Posted by R. Berg on November 19, 2002

In Reply to: Moreover posted by TheFallen on November 18, 2002

: : : I found it very bothersome to have to scan thru a post that is repeated 10 times to get to the current statement.

: : : Why start at the end?

: : in a thread with ten posts you'd need to reload the page ten times to accomplish what you could with a single click - and more if you wanted to review a previous post. Call me lazy and slothful but I would far rather scroll down a bit than have to labouriously load and reload each post. I find it infuriating and I have DSL. I can't imagine what people with dial-up connections endure.

: : It's not just a technical issue either. It is a far more efficient way to do things. Posters have ready access to previous posts so they tend to be more accurate in their replies. What happened in this thread is an excellent example of why preserving the replies is useful. Besides that it's just shows more consideration to fellow contributors.

: The point is that you absolutely *don't* have to scan through any repeated post - you just view the latest post in the list.

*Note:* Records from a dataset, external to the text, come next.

(* Let $\mathbf K$ be a commutative field and $p\in\mathbb N$. For $A\in\mathbf K^{\mathcal M_p}$ let $L_A\in\mathbf K^{\mathcal M_{p\times p}}$ be the lower triangular element of Toeplitz type defined, for $l\in\mathbb N$ and $0\le u,w<p^l$ (identified with words of length $l$), by $L_A[u,w]=A[u-w]$ if $u\ge w$ and $L_A[u,w]=0$ if $u<w$, where $u-w$ is read as a word of length $l$. Then $$\dim\big(\overline{A}^{rec}\big)\le\dim\big(\overline{L_A}^{rec}\big)\le 2\dim\big(\overline{A}^{rec}\big),$$ and $A\mapsto L_A$ induces an isomorphism of vector spaces between $\mathrm{Rec}_p(\mathbf K)$ and $\mathcal T_{p-rec}(\mathbf K)$, the space of lower triangular elements of Toeplitz type in $\mathrm{Rec}_{p\times p}(\mathbf K)$.
   Context: For $p,q,l\in\mathbb N$, $\mathcal M_{p\times q}^l$ is the set of pairs $(U,W)$ of words of common length $l$ with $U\in\{0,\dots,p-1\}^l$, $W\in\{0,\dots,q-1\}^l$, $\mathcal M_{p\times q}=\bigcup_l\mathcal M_{p\times q}^l$, and $\mathcal M_p=\mathcal M_{p\times1}$ is identified with the free monoid of words over $\{0,\dots,p-1\}$. Words of length $l$ over $\{0,\dots,p-1\}$ are identified with $\{0,\dots,p^l-1\}$ via $u_1\dots u_l\mapsto\sum_{j=1}^lu_jp^{j-1}$, so that for $A\in\mathbf K^{\mathcal M_{p\times p}}$ the restriction $A[\mathcal M_{p\times p}^l]$ is a $p^l\times p^l$ matrix. $A$ is of Toeplitz type if every $A[\mathcal M_{p\times p}^l]$ is a Toeplitz matrix (entries depend only on $u-w$), and lower triangular if $A[u,w]=0$ whenever $u<w$. Shift maps: $(\rho(S,T)A)[U,W]=A[US,WT]$; the recursive closure $\overline{A}^{rec}$ is the span of all $\rho(S,T)A$; $\mathrm{Rec}_{p\times q}(\mathbf K)$ is the set of $A$ with $\dim\overline{A}^{rec}<\infty$, and $\mathrm{Rec}_p(\mathbf K)=\mathrm{Rec}_{p\times1}(\mathbf K)$. *)

theory Defs
  imports Main "HOL-Library.Function_Algebras" "HOL-Library.Extended_Nat"
begin

definition fscale :: "'k::field \<Rightarrow> ('a \<Rightarrow> 'k) \<Rightarrow> ('a \<Rightarrow> 'k)" where
  "fscale c f = (\<lambda>x. c * f x)"

lemma vector_space_fscale: "vector_space (fscale :: 'k::field \<Rightarrow> ('a \<Rightarrow> 'k) \<Rightarrow> _)"
  by unfold_locales (auto simp: fscale_def fun_eq_iff algebra_simps)

abbreviation fspan :: "('a \<Rightarrow> 'k::field) set \<Rightarrow> ('a \<Rightarrow> 'k) set" where
  "fspan \<equiv> module.span fscale"

abbreviation fdim :: "('a \<Rightarrow> 'k::field) set \<Rightarrow> nat" where
  "fdim \<equiv> vector_space.dim fscale"

definition fin_dim :: "('a \<Rightarrow> 'k::field) set \<Rightarrow> bool" where
  "fin_dim V \<longleftrightarrow> (\<exists>B. finite B \<and> V \<subseteq> fspan B)"

definition edim :: "('a \<Rightarrow> 'k::field) set \<Rightarrow> enat" where
  "edim V = (if fin_dim V then enat (fdim V) else \<infinity>)"

definition words :: "nat \<Rightarrow> nat list set" where
  "words p = {w. set w \<subseteq> {..<p}}"

definition words_len :: "nat \<Rightarrow> nat \<Rightarrow> nat list set" where
  "words_len p l = {w. length w = l \<and> set w \<subseteq> {..<p}}"

definition num :: "nat \<Rightarrow> nat list \<Rightarrow> nat" where
  "num p w = (\<Sum>j<length w. w ! j * p ^ j)"

definition word_of :: "nat \<Rightarrow> nat \<Rightarrow> nat \<Rightarrow> nat list" where
  "word_of p l n = map (\<lambda>j. (n div p ^ j) mod p) [0..<l]"

definition Mpq :: "nat \<Rightarrow> nat \<Rightarrow> (nat list \<times> nat list) set" where
  "Mpq p q = {(U, W). length U = length W \<and> set U \<subseteq> {..<p} \<and> set W \<subseteq> {..<q}}"

text \<open>Elements of K^{M_p} are represented as functions on nat lists vanishing off the words.\<close>
definition Fun1 :: "nat \<Rightarrow> (nat list \<Rightarrow> 'k::zero) set" where
  "Fun1 p = {A. \<forall>w. w \<notin> words p \<longrightarrow> A w = 0}"

definition Fun2 :: "nat \<Rightarrow> nat \<Rightarrow> (nat list \<times> nat list \<Rightarrow> 'k::zero) set" where
  "Fun2 p q = {A. \<forall>x. x \<notin> Mpq p q \<longrightarrow> A x = 0}"

definition rho1 :: "nat \<Rightarrow> nat list \<Rightarrow> (nat list \<Rightarrow> 'k::zero) \<Rightarrow> (nat list \<Rightarrow> 'k)" where
  "rho1 p S A = (\<lambda>U. if U \<in> words p then A (U @ S) else 0)"

definition rho2 :: "nat \<Rightarrow> nat \<Rightarrow> nat list \<times> nat list \<Rightarrow> (nat list \<times> nat list \<Rightarrow> 'k::zero)
    \<Rightarrow> (nat list \<times> nat list \<Rightarrow> 'k)" where
  "rho2 p q ST A = (\<lambda>(U, W). if (U, W) \<in> Mpq p q then A (U @ fst ST, W @ snd ST) else 0)"

definition rec_closure1 :: "nat \<Rightarrow> (nat list \<Rightarrow> 'k::field) \<Rightarrow> (nat list \<Rightarrow> 'k) set" where
  "rec_closure1 p A = fspan {rho1 p S A | S. S \<in> words p}"

definition rec_closure2 :: "nat \<Rightarrow> nat \<Rightarrow> (nat list \<times> nat list \<Rightarrow> 'k::field)
    \<Rightarrow> (nat list \<times> nat list \<Rightarrow> 'k) set" where
  "rec_closure2 p q A = fspan {rho2 p q ST A | ST. ST \<in> Mpq p q}"

definition Rec1 :: "nat \<Rightarrow> (nat list \<Rightarrow> 'k::field) set" where
  "Rec1 p = {A \<in> Fun1 p. fin_dim (rec_closure1 p A)}"

definition Rec2 :: "nat \<Rightarrow> nat \<Rightarrow> (nat list \<times> nat list \<Rightarrow> 'k::field) set" where
  "Rec2 p q = {A \<in> Fun2 p q. fin_dim (rec_closure2 p q A)}"

definition toeplitz_type :: "nat \<Rightarrow> (nat list \<times> nat list \<Rightarrow> 'k) \<Rightarrow> bool" where
  "toeplitz_type p B \<longleftrightarrow> (\<forall>l U W U' W'. U \<in> words_len p l \<and> W \<in> words_len p l \<and>
      U' \<in> words_len p l \<and> W' \<in> words_len p l \<and>
      int (num p U) - int (num p W) = int (num p U') - int (num p W') \<longrightarrow>
      B (U, W) = B (U', W'))"

definition lower_triangular :: "nat \<Rightarrow> (nat list \<times> nat list \<Rightarrow> 'k::zero) \<Rightarrow> bool" where
  "lower_triangular p B \<longleftrightarrow> (\<forall>l U W. U \<in> words_len p l \<and> W \<in> words_len p l \<and>
      num p U < num p W \<longrightarrow> B (U, W) = 0)"

definition LA :: "nat \<Rightarrow> (nat list \<Rightarrow> 'k::zero) \<Rightarrow> (nat list \<times> nat list \<Rightarrow> 'k)" where
  "LA p A = (\<lambda>(U, W). if (U, W) \<in> Mpq p p \<and> num p W \<le> num p U
      then A (word_of p (length U) (num p U - num p W)) else 0)"

definition Trec :: "nat \<Rightarrow> (nat list \<times> nat list \<Rightarrow> 'k::field) set" where
  "Trec p = {B \<in> Rec2 p p. toeplitz_type p B \<and> lower_triangular p B}"

end

theory Submission
  imports Defs
begin

text \<open>
  Column 0 of \<open>L_A\<close> is \<open>A\<close>, and taking column 0 is a linear map sending
  \<open>\<rho>(S,T) L_A\<close> to \<open>\<rho>(S') A\<close> (or to 0), where \<open>S'\<close> is the word of \<open>S - T\<close>;
  hence it maps the recursive closure of \<open>L_A\<close> onto that of \<open>A\<close>, which gives the
  lower bound. Conversely, subtracting \<open>WT\<close> from \<open>US\<close> block by block,
  \<open>\<rho>(S,T) L_A = L_{A'} + U_{A''}\<close>, where \<open>U\<close> is the strictly upper triangular
  Toeplitz analogue of \<open>L\<close> and \<open>A' = \<rho>(S - T) A\<close>, \<open>A'' = \<rho>(S - T - 1) A\<close> account for
  the absence or presence of a borrow from the low block. So the recursive closure of
  \<open>L_A\<close> lies in \<open>L(V) + U(V)\<close> for \<open>V\<close> the recursive closure of \<open>A\<close>, which gives the
  factor 2. Finally a lower triangular Toeplitz element is determined by its column 0,
  so \<open>L\<close> is a bijection onto them, and it preserves finite dimensionality of the
  recursive closure by the two bounds.
\<close>

section \<open>Dimension of linear images\<close>

interpretation fun_space: vector_space "fscale :: 'k::field \<Rightarrow> ('a \<Rightarrow> 'k) \<Rightarrow> ('a \<Rightarrow> 'k)"
  by (rule vector_space_fscale)

lemma fin_dim_obtain_basis:
  fixes V :: "('a \<Rightarrow> 'k::field) set"
  assumes "fin_dim V"
  obtains B where "finite B" "V \<subseteq> fspan B" "card B = fdim V"
proof -
  obtain C where "finite C" "V \<subseteq> fspan C" using assms fin_dim_def by blast
  obtain B where B: "B \<subseteq> V" "fun_space.independent B" "V \<subseteq> fspan B" "card B = fdim V"
    by (rule fun_space.basis_exists)
  have "finite B"
    using fun_space.independent_span_bound[OF \<open>finite C\<close> B(2)] B(1) \<open>V \<subseteq> fspan C\<close> by blast
  from this B(3,4) show thesis by (rule that)
qed

lemma fin_dim_iff_edim_less_infinity: "fin_dim V \<longleftrightarrow> edim V < \<infinity>"
  by (simp add: edim_def)

lemma span_linear_image:
  fixes f :: "('a \<Rightarrow> 'k::field) \<Rightarrow> ('b \<Rightarrow> 'k)"
  assumes "Vector_Spaces.linear fscale fscale f"
  shows "fspan (f ` B) = f ` fspan B"
  by (rule module_hom.span_image[OF module_hom_linearI[OF assms]])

This instantly gives you access to *all* the posts on the current topic and in historical order - provided nobody's deleted anything. Far more efficient, as Ms. Camel points out.

Here's another reason. Posts aren't only for current use: they get archived. Anyone searching the archives for a particular word or words--and that often means me, when I want to find a previous discussion for somebody who asked without checking the archives--will benefit if a question and its answer are on the same page. Providing two links, one to the archived question and one to the archived answer, requires posting twice and generally makes more work . Remember, I'm doing a stranger a favor at such times, and I'd like to do it as easily as I can.

Often someone posts one of the standard proposed origins of "the Whole nine yards" here, for example, as if it had been proved. Then one or more of the regulars posts a follow-up saying "But that isn't known." Some innocent might come along, find that first post in the archive and not read the follow-up, and assume that the person who posted was right. Following up without deleting the question creates an archived entry marked by more stars, which is more likely to be read. Following up AND deleting the question creates an archived entry with fewer stars--and one that doesn't make sense, as it consists of an answer without a question.

Long threads created by several discussants who offer conflicting opinions should be kept intact, for the same reason, only more so.